lemma br_br_br: "br (br (br t)) = br t"
proof -
  have "br (br t) \<cdot> x = bot \<longleftrightarrow> t \<cdot> x = bot" for x
  proof
    assume "t \<cdot> x = bot"
    then obtain y where "x = br t \<cdot> y"
      using mult_eq_bot_iff by blast
    then show "br (br t) \<cdot> x = bot"
      by (metis br_br_mult mult_assoc mult_bot_left)
  next
    assume "br (br t) \<cdot> x = bot"
    then show "t \<cdot> x = bot"
      by (metis mult_br_br mult_assoc mult_bot_right)
  qed
  then show ?thesis
    using mult_eq_bot_iff_fixed br_eqI by metis
qed

abbreviation proj_le :: "'a \<Rightarrow> 'a \<Rightarrow> bool" (infix "\<sqsubseteq>" 50)
  where "k \<sqsubseteq> l \<equiv> bracket_le mult k l"

abbreviation proj_closure :: "'a \<Rightarrow> 'a" ("\<kappa>")
  where "\<kappa> s \<equiv> br (br (star s))"

lemma perp_perp_eq_proj_closure: "perp star br (perp star br s) = \<kappa> s"
  unfolding perp_def by (simp add: star_br)

lemma bracket_setI: "br s \<in> bracket_set br"
  unfolding bracket_set_def by simp

lemma bracket_setE:
  assumes "k \<in> bracket_set br"
  shows "star k = k" and "k \<cdot> k = k" and "br (br k) = k"
  using assms br_br_br unfolding bracket_set_def by (auto simp: star_br br_idem)

lemma proj_closure_bracket_set: "k \<in> bracket_set br \<Longrightarrow> \<kappa> k = k"
  by (simp add: bracket_setE)

lemma mult_proj_eq_bot_iff: "k \<in> bracket_set br \<Longrightarrow> s \<cdot> k = bot \<longleftrightarrow> k \<sqsubseteq> br s"
  unfolding bracket_le_def by (metis mult_eq_bot_iff_fixed)

lemma mult_proj_closure_eq_bot_iff: "w \<cdot> \<kappa> y = bot \<longleftrightarrow> w \<cdot> y = bot"
proof
  assume "w \<cdot> y = bot"
  then have "w \<cdot> br (star y) = w"
    using mult_eq_bot_iff_fixed_right by blast
  then have "w \<cdot> \<kappa> y = w \<cdot> (br (star y) \<cdot> \<kappa> y)"
    by (simp add: mult_assoc[symmetric])
  then show "w \<cdot> \<kappa> y = bot"
    by (simp add: mult_br mult_bot_right)
next
  assume "w \<cdot> \<kappa> y = bot"
  then show "w \<cdot> y = bot"
    by (metis br_br_star_mult mult_assoc mult_bot_left)
qed

lemma proj_closure_le_iff:
  assumes "k \<in> bracket_set br"
  shows "\<kappa> s \<sqsubseteq> k \<longleftrightarrow> br k \<cdot> s = bot"
proof -
  have "\<kappa> s \<sqsubseteq> k \<longleftrightarrow> \<kappa> s \<sqsubseteq> br (br k)"
    using assms by (simp add: bracket_setE)
  also have "\<dots> \<longleftrightarrow> br k \<cdot> \<kappa> s = bot"
    using mult_proj_eq_bot_iff[OF bracket_setI] by simp
  also have "\<dots> \<longleftrightarrow> br k \<cdot> s = bot"
    by (rule mult_proj_closure_eq_bot_iff)
  finally show ?thesis .
qed

lemma proj_le_iff: "l \<in> bracket_set br \<Longrightarrow> k \<in> bracket_set br \<Longrightarrow> l \<sqsubseteq> k \<longleftrightarrow> br k \<cdot> l = bot"
  using proj_closure_le_iff proj_closure_bracket_set by metis

lemma bracket_join_eq: "X \<subseteq> bracket_set br \<Longrightarrow> bracket_join br X = \<kappa> (Sup X)"
proof -
  assume "X \<subseteq> bracket_set br"
  then have "star ` X = X"
    using bracket_setE(1) by (force simp: image_iff)
  then show ?thesis
    unfolding bracket_join_def by (simp add: star_Sup)
qed

lemma bracket_join_mem: "bracket_join br X \<in> bracket_set br"
  unfolding bracket_join_def by (rule bracket_setI)

lemma bracket_join_le_iff:
  assumes "X \<subseteq> bracket_set br" and "k \<in> bracket_set br"
  shows "bracket_join br X \<sqsubseteq> k \<longleftrightarrow> (\<forall>x\<in>X. x \<sqsubseteq> k)"
proof -
  have "bracket_join br X \<sqsubseteq> k \<longleftrightarrow> (\<forall>x\<in>X. br k \<cdot> x = bot)"
    using assms by (simp add: bracket_join_eq proj_closure_le_iff mult_Sup_right)
  also have "\<dots> \<longleftrightarrow> (\<forall>x\<in>X. x \<sqsubseteq> k)"
    using assms proj_le_iff by blast
  finally show ?thesis .
qed

lemma proj_le_refl: "k \<in> bracket_set br \<Longrightarrow> k \<sqsubseteq> k"
  unfolding bracket_le_def by (simp add: bracket_setE)

lemma proj_le_antisym:
  "k \<in> bracket_set br \<Longrightarrow> l \<in> bracket_set br \<Longrightarrow> k \<sqsubseteq> l \<Longrightarrow> l \<sqsubseteq> k \<Longrightarrow> k = l"
  unfolding bracket_le_def by (metis bracket_setE(1) star_mult)

lemma proj_le_trans: "k \<sqsubseteq> l \<Longrightarrow> l \<sqsubseteq> m \<Longrightarrow> k \<sqsubseteq> m"
  unfolding bracket_le_def by (metis mult_assoc)

lemma complete_lattice_on_bracket_set:
  "complete_lattice_on (bracket_set br) (\<sqsubseteq>) (bracket_join br)"
  unfolding complete_lattice_on_def
  using bracket_join_mem bracket_join_le_iff proj_le_refl proj_le_antisym proj_le_trans
  by meson

lemma proj_eqI:
  assumes "k \<in> bracket_set br" and "l \<in> bracket_set br"
    and "\<And>m. m \<in> bracket_set br \<Longrightarrow> k \<sqsubseteq> m \<longleftrightarrow> l \<sqsubseteq> m"
  shows "k = l"
  using assms proj_le_refl proj_le_antisym by metis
################
**ACTIVITY:** Please write out, exactly as they appear above, only the lines in the stretch from the line with "by (metis br_br_star_mult" through the line with "using proj_closure_le_iff proj_closure_bracket_set".

**RESPONSE TO THE EXERCISE:**
    by (metis br_br_star_mult mult_assoc mult_bot_left)
qed

lemma proj_closure_le_iff:
  assumes "k \<in> bracket_set br"
  shows "\<kappa> s \<sqsubseteq> k \<longleftrightarrow> br k \<cdot> s = bot"
proof -
  have "\<kappa> s \<sqsubseteq> k \<longleftrightarrow> \<kappa> s \<sqsubseteq> br (br k)"
    using assms by (simp add: bracket_setE)
  also have "\<dots> \<longleftrightarrow> br k \<cdot> \<kappa> s = bot"
    using mult_proj_eq_bot_iff[OF bracket_setI] by simp
  also have "\<dots> \<longleftrightarrow> br k \<cdot> s = bot"
    by (rule mult_proj_closure_eq_bot_iff)
  finally show ?thesis .
qed

lemma proj_le_iff: "l \<in> bracket_set br \<Longrightarrow> k \<in> bracket_set br \<Longrightarrow> l \<sqsubseteq> k \<longleftrightarrow> br k \<cdot> l = bot"
  using proj_closure_le_iff proj_closure_bracket_set by metis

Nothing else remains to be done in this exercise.